# What is being asked
Report every line of the records below that contains the word "unfolding".
───── The data ─────
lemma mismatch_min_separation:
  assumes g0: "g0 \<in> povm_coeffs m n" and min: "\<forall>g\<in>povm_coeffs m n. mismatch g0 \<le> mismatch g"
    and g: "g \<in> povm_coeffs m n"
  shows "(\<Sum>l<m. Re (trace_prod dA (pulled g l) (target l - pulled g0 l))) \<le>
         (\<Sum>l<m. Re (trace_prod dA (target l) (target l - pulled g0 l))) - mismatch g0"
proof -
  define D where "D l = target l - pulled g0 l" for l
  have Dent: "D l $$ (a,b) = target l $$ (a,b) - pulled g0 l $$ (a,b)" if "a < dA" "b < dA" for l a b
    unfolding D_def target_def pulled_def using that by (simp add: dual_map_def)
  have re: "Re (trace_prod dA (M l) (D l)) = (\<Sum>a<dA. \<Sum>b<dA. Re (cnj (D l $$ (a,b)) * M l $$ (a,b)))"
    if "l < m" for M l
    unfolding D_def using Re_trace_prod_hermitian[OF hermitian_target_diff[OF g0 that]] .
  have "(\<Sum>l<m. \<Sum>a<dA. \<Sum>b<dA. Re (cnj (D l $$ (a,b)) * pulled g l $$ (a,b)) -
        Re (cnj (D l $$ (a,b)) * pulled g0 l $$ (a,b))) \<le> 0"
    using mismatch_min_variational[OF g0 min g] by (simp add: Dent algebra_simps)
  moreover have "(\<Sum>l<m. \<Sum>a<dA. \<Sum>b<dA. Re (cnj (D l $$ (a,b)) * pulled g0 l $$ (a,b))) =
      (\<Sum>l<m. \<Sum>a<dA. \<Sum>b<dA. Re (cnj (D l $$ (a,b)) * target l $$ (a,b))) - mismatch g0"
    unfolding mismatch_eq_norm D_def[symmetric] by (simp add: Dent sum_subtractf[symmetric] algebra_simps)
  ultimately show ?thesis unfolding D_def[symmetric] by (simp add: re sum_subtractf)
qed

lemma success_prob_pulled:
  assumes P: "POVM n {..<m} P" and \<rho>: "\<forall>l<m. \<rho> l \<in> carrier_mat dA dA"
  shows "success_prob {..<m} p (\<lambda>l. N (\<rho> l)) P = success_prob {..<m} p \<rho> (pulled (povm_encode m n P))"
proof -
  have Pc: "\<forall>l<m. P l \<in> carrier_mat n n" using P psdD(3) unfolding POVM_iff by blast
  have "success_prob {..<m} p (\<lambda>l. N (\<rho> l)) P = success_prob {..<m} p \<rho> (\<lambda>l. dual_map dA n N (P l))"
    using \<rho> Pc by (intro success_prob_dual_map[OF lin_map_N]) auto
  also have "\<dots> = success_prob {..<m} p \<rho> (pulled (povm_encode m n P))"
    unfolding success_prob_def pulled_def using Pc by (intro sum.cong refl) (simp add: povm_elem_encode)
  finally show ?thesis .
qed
─────
───── The data ─────
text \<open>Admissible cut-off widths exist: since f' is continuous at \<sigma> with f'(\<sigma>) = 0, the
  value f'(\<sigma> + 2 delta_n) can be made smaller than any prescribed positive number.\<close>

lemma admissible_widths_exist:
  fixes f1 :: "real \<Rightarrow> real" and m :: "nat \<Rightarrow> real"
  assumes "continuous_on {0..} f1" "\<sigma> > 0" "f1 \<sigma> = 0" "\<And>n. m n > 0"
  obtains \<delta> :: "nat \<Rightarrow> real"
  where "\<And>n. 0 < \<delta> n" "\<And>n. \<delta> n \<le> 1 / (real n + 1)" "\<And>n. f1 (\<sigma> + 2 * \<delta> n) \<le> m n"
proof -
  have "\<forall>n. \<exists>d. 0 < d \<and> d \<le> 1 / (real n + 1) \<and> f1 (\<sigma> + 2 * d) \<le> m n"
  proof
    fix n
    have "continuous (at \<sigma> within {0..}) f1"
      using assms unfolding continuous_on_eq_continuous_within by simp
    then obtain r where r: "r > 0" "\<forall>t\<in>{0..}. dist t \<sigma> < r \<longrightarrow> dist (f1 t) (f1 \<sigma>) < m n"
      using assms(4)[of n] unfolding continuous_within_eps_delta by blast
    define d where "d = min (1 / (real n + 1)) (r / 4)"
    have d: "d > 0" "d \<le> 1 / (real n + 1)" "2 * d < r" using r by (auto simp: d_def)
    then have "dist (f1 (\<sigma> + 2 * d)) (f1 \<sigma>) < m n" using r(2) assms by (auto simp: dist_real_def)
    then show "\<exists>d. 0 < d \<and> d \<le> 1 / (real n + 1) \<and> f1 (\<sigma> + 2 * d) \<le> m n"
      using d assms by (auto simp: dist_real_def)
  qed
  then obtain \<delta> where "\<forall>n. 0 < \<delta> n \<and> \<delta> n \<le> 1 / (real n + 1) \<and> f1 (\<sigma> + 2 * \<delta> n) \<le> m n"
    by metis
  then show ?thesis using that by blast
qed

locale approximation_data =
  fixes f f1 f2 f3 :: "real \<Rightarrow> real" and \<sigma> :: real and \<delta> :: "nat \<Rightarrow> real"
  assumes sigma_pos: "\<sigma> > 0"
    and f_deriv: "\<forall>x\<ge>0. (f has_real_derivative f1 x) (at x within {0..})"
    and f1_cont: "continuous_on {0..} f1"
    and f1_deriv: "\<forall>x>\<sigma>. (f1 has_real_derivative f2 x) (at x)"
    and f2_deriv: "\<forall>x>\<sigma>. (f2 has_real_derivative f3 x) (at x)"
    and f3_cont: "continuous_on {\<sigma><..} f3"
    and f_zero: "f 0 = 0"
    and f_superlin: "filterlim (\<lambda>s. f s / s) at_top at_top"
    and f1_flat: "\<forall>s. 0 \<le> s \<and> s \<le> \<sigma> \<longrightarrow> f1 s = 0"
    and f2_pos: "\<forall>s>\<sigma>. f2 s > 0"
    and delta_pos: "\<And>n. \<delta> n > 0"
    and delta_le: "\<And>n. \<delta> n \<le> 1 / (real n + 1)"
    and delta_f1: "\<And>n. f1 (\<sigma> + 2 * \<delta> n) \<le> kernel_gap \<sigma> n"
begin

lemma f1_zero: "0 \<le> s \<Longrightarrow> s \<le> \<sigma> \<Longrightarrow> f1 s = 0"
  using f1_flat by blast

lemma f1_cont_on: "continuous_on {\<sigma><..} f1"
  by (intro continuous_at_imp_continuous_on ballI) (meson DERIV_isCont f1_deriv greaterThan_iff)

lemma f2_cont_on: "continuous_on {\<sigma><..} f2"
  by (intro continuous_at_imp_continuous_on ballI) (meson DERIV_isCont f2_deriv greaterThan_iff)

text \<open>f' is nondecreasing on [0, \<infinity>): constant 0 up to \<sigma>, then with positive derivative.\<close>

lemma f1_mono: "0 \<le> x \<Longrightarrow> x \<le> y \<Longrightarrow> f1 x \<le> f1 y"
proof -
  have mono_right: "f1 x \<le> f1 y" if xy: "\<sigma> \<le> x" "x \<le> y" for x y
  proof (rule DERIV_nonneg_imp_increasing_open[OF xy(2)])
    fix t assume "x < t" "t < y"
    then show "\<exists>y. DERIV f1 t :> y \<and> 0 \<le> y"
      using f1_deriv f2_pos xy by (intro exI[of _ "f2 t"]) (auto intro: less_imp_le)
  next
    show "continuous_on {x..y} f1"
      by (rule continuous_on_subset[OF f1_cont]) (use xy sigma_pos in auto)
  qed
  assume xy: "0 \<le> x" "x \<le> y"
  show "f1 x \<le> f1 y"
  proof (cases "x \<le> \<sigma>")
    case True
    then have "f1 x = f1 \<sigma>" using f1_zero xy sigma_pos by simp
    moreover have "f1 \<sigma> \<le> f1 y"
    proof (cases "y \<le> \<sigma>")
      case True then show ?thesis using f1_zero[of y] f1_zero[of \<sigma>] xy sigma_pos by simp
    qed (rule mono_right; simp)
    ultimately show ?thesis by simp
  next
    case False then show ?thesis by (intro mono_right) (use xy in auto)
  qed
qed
─────
# Exercise result
    unfolding D_def target_def pulled_def using that by (simp add: dual_map_def)
    unfolding D_def using Re_trace_prod_hermitian[OF hermitian_target_diff[OF g0 that]] .
    unfolding mismatch_eq_norm D_def[symmetric] by (simp add: Dent sum_subtractf[symmetric] algebra_simps)
  ultimately show ?thesis unfolding D_def[symmetric] by (simp add: re sum_subtractf)
  have Pc: "\<forall>l<m. P l \<in> carrier_mat n n" using P psdD(3) unfolding POVM_iff by blast
    unfolding success_prob_def pulled_def using Pc by (intro sum.cong refl) (simp add: povm_elem_encode)
      using assms unfolding continuous_on_eq_continuous_within by simp
      using assms(4)[of n] unfolding continuous_within_eps_delta by blast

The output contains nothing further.